BEGIN Provided records
lemma distr_GW_offspring_coord: "distr (GW_offspring p) (measure_pmf p) (\<lambda>\<omega>. \<omega> v) = measure_pmf p"
  unfolding GW_offspring_def
  by (rule product_prob_space.PiM_component)
     (auto intro: product_prob_spaceI measure_pmf.prob_space_axioms)

lemma measure_GW_offspring_coord: "measure (GW_offspring p) {\<omega>. \<omega> v \<in> B} = measure p B"
proof -
  have "measure p B = measure (distr (GW_offspring p) (measure_pmf p) (\<lambda>\<omega>. \<omega> v)) B"
    by (simp add: distr_GW_offspring_coord)
  also have "\<dots> = measure (GW_offspring p) ((\<lambda>\<omega>. \<omega> v) -` B \<inter> space (GW_offspring p))"
    by (rule measure_distr) (auto simp: GW_offspring_def)
  finally show ?thesis by (simp add: vimage_def)
qed

lemma indep_vars_GW_offspring_coords:
  "prob_space.indep_vars (GW_offspring p) (\<lambda>_. measure_pmf p) (\<lambda>v \<omega>. \<omega> v) UNIV"
proof -
  interpret prob_space "GW_offspring p" by (rule prob_space_GW_offspring)
  have rv: "random_variable (measure_pmf p) (\<lambda>\<omega>. \<omega> v)" for v
    unfolding GW_offspring_def by (rule measurable_component_singleton) simp
  have "(\<lambda>\<omega>. restrict \<omega> UNIV) = (\<lambda>\<omega>::nat list \<Rightarrow> nat. \<omega>)" by (auto simp: restrict_def)
  then show ?thesis
    by (subst indep_vars_iff_distr_eq_PiM[OF _ rv])
       (simp_all only: distr_GW_offspring_coord, simp_all add: GW_offspring_def distr_id2)
qed

lemma measure_gen_eq_coords_in:
  assumes S: "finite S" "S \<subseteq> {v. length v = n}"
  shows "measure (GW_offspring p) ({\<omega>. gen \<omega> n = S} \<inter> {\<omega>. \<forall>v\<in>S. \<omega> v \<in> B v})
     = measure (GW_offspring p) {\<omega>. gen \<omega> n = S} * (\<Prod>v\<in>S. measure p (B v))"
proof -
  interpret prob_space "GW_offspring p" by (rule prob_space_GW_offspring)
  \<comment> \<open>Independent blocks of coordinates: \<open>None\<close> gets all heights below \<open>n\<close>, \<open>Some v\<close> the vertex \<open>v\<close>.\<close>
  define A where "A = {v::nat list. length v < n}"
  define K where "K = case_option A (\<lambda>v. {v})"
  define L where "L = insert None (Some ` S)"
  define E where "E = case_option {g \<in> space (PiM A (\<lambda>_. measure_pmf p)). gen g n = S}
                      (\<lambda>v. {g \<in> space (PiM {v} (\<lambda>_. measure_pmf p)). g v \<in> B v})"
  let ?X = "\<lambda>j \<omega>. restrict \<omega> (K j)"
  have "disjoint_family_on K L"
    using S unfolding disjoint_family_on_def K_def L_def A_def by (auto split: option.splits)
  then have indep: "indep_vars (\<lambda>j. PiM (K j) (\<lambda>_. measure_pmf p)) ?X L"
    by (intro indep_vars_restrict[OF indep_vars_GW_offspring_coords]) simp
  have E: "E j \<in> sets (PiM (K j) (\<lambda>_. measure_pmf p))" for j
    by (cases j) (auto simp: E_def K_def A_def intro!: sets_PiM_pmf_gen_eq sets_PiM_pmf_coord)
  have "gen (restrict \<omega> A) n = gen \<omega> n" for \<omega>
    by (rule gen_cong) (auto simp: A_def)
  then have None: "?X None -` E None = {\<omega>. gen \<omega> n = S}"
    by (auto simp: K_def E_def space_PiM)
  have Some: "?X (Some v) -` E (Some v) = {\<omega>. \<omega> v \<in> B v}" for v
    by (auto simp: K_def E_def space_PiM)
  have "prob (\<Inter>j\<in>L. ?X j -` E j \<inter> space (GW_offspring p)) =
        (\<Prod>j\<in>L. prob (?X j -` E j \<inter> space (GW_offspring p)))"
    using S by (intro indep_varsD[OF indep]) (auto simp: L_def E)
  moreover have "(\<Inter>j\<in>L. ?X j -` E j \<inter> space (GW_offspring p))
      = {\<omega>. gen \<omega> n = S} \<inter> {\<omega>. \<forall>v\<in>S. \<omega> v \<in> B v}"
    unfolding L_def using None Some by auto
  ultimately show ?thesis
    using S None Some by (simp add: L_def prod.reindex measure_GW_offspring_coord)
qed

lemma gen_pred_eq_UN:
  "{\<omega>. Q (gen \<omega> n) \<omega>} = (\<Union>S\<in>gen_values n. {\<omega>. gen \<omega> n = S} \<inter> {\<omega>. Q S \<omega>})"
  using gen_in_gen_values by auto

lemma sets_GW_offspring_gen_pred:
  assumes "\<And>S. S \<in> gen_values n \<Longrightarrow> {\<omega>. Q S \<omega>} \<in> sets (GW_offspring p)"
  shows "{\<omega>. Q (gen \<omega> n) \<omega>} \<in> sets (GW_offspring p)"
  unfolding gen_pred_eq_UN using assms countable_gen_values
  by (intro sets.countable_UN'' sets.Int sets_GW_offspring_gen_eq) auto

lemma emeasure_GW_offspring_gen_pred:
  assumes "\<And>S. S \<in> gen_values n \<Longrightarrow> {\<omega>. Q S \<omega>} \<in> sets (GW_offspring p)"
  shows "emeasure (GW_offspring p) {\<omega>. Q (gen \<omega> n) \<omega>} =
    (\<integral>\<^sup>+S. emeasure (GW_offspring p) ({\<omega>. gen \<omega> n = S} \<inter> {\<omega>. Q S \<omega>}) \<partial>count_space (gen_values n))"
  unfolding gen_pred_eq_UN using assms countable_gen_values
  by (intro emeasure_UN_countable)
     (auto intro!: sets.Int sets_GW_offspring_gen_eq simp: disjoint_family_on_def)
END Provided records
» Instructions for the task:
Could you retype exactly the lines above, starting at the line that contains "j \<in> sets" and ending at the line that contains "by (rule gen_cong) (auto simp: A_def)", and nothing more?

» Output:
  have E: "E j \<in> sets (PiM (K j) (\<lambda>_. measure_pmf p))" for j
    by (cases j) (auto simp: E_def K_def A_def intro!: sets_PiM_pmf_gen_eq sets_PiM_pmf_coord)
  have "gen (restrict \<omega> A) n = gen \<omega> n" for \<omega>
    by (rule gen_cong) (auto simp: A_def)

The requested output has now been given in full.